Aim of the task:
From the entries that follow, reproduce exactly and only the lines from the line with "by (simp add: tied_def F_def" to the line with "fix ab assume", endpoints included.

Data provided:
lemma sum_not_Qk_le:
  fixes W :: "nat \<Rightarrow> nat \<times> nat \<Rightarrow> real"
  assumes k: "1 \<le> k"
    and nonneg: "\<And>e x. 0 \<le> W e x"
    and column: "\<And>e c. e < k \<Longrightarrow> c < n \<Longrightarrow> (\<Sum>r<n. W e (r, c)) \<le> L"
    and total: "(\<Sum>x\<in>{..<n} \<times> {..<n}. W 0 x) \<le> L"
  shows "(\<Sum>\<pi>\<in>Pk n k - Qk n k. \<Prod>e<k. W e (walk_edges k \<pi> e)) \<le> real (k * k) * (real n ^ (k - 2) * L ^ k)"
proof -
  define F where "F p = (\<Prod>e<k. W e (p e))" for p
  define tied where
    "tied ab p = (if fst ab < snd ab \<and> snd (p (fst ab)) = snd (p (snd ab)) then F p else 0)" for ab p
  define bound where "bound = real n ^ (k - 2) * L ^ k"
  have tied_nonneg: "0 \<le> tied ab p" for ab p
    by (simp add: tied_def F_def prod_nonneg nonneg)
  have "F (walk_edges k \<pi>) \<le> (\<Sum>ab\<in>{..<k} \<times> {..<k}. tied ab (walk_edges k \<pi>))"
    if \<pi>: "\<pi> \<in> Pk n k - Qk n k" for \<pi>
  proof -
    obtain a b where ab: "a < b" "b < k" "snd (walk_edges k \<pi> a) = snd (walk_edges k \<pi> b)"
      by (rule not_Qk_imp_repeated_column[OF \<pi>])
    then have "F (walk_edges k \<pi>) = tied (a, b) (walk_edges k \<pi>)"
      by (simp add: tied_def)
    also have "\<dots> \<le> (\<Sum>ab\<in>{..<k} \<times> {..<k}. tied ab (walk_edges k \<pi>))"
      using ab by (intro member_le_sum tied_nonneg) auto
    finally show ?thesis .
  qed
  then have "(\<Sum>\<pi>\<in>Pk n k - Qk n k. F (walk_edges k \<pi>))
      \<le> (\<Sum>\<pi>\<in>Pk n k - Qk n k. \<Sum>ab\<in>{..<k} \<times> {..<k}. tied ab (walk_edges k \<pi>))"
    by (rule sum_mono)
  also have "\<dots> \<le> (\<Sum>\<pi>\<in>Pk n k. \<Sum>ab\<in>{..<k} \<times> {..<k}. tied ab (walk_edges k \<pi>))"
    by (intro sum_mono2 sum_nonneg tied_nonneg finite_Pk) auto
  also have "\<dots> = (\<Sum>p\<in>PiE {..<k} (\<lambda>_. {..<n} \<times> {..<n}). \<Sum>ab\<in>{..<k} \<times> {..<k}. tied ab p)"
    by (rule sum.reindex_bij_betw[OF bij_betw_walk_edges[OF k]])
  also have "\<dots> = (\<Sum>ab\<in>{..<k} \<times> {..<k}. \<Sum>p\<in>PiE {..<k} (\<lambda>_. {..<n} \<times> {..<n}). tied ab p)"
    by (rule sum.swap)
  also have "\<dots> \<le> (\<Sum>ab\<in>{..<k} \<times> {..<k}. bound)"
  proof (rule sum_mono)
    fix ab assume "ab \<in> {..<k} \<times> {..<k}"
    then obtain a b where ab: "ab = (a, b)" "b < k"
      by auto
    show "(\<Sum>p\<in>PiE {..<k} (\<lambda>_. {..<n} \<times> {..<n}). tied ab p) \<le> bound"
    proof (cases "a < b")
      case True
      then show ?thesis
        unfolding tied_def F_def bound_def
        using sum_PiE_tied_columns_le[where W = W and k = k, OF nonneg column total True] ab
        by simp
    next
      case False
      have "0 \<le> L"
        using total by (meson nonneg order_trans sum_nonneg)
      then show ?thesis
        using False by (simp add: tied_def bound_def ab)
    qed
  qed
  finally show ?thesis
    by (simp add: F_def bound_def)
qed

Result for this exercise:
    by (simp add: tied_def F_def prod_nonneg nonneg)
  have "F (walk_edges k \<pi>) \<le> (\<Sum>ab\<in>{..<k} \<times> {..<k}. tied ab (walk_edges k \<pi>))"
    if \<pi>: "\<pi> \<in> Pk n k - Qk n k" for \<pi>
  proof -
    obtain a b where ab: "a < b" "b < k" "snd (walk_edges k \<pi> a) = snd (walk_edges k \<pi> b)"
      by (rule not_Qk_imp_repeated_column[OF \<pi>])
    then have "F (walk_edges k \<pi>) = tied (a, b) (walk_edges k \<pi>)"
      by (simp add: tied_def)
    also have "\<dots> \<le> (\<Sum>ab\<in>{..<k} \<times> {..<k}. tied ab (walk_edges k \<pi>))"
      using ab by (intro member_le_sum tied_nonneg) auto
    finally show ?thesis .
  qed
  then have "(\<Sum>\<pi>\<in>Pk n k - Qk n k. F (walk_edges k \<pi>))
      \<le> (\<Sum>\<pi>\<in>Pk n k - Qk n k. \<Sum>ab\<in>{..<k} \<times> {..<k}. tied ab (walk_edges k \<pi>))"
    by (rule sum_mono)
  also have "\<dots> \<le> (\<Sum>\<pi>\<in>Pk n k. \<Sum>ab\<in>{..<k} \<times> {..<k}. tied ab (walk_edges k \<pi>))"
    by (intro sum_mono2 sum_nonneg tied_nonneg finite_Pk) auto
  also have "\<dots> = (\<Sum>p\<in>PiE {..<k} (\<lambda>_. {..<n} \<times> {..<n}). \<Sum>ab\<in>{..<k} \<times> {..<k}. tied ab p)"
    by (rule sum.reindex_bij_betw[OF bij_betw_walk_edges[OF k]])
  also have "\<dots> = (\<Sum>ab\<in>{..<k} \<times> {..<k}. \<Sum>p\<in>PiE {..<k} (\<lambda>_. {..<n} \<times> {..<n}). tied ab p)"
    by (rule sum.swap)
  also have "\<dots> \<le> (\<Sum>ab\<in>{..<k} \<times> {..<k}. bound)"
  proof (rule sum_mono)
    fix ab assume "ab \<in> {..<k} \<times> {..<k}"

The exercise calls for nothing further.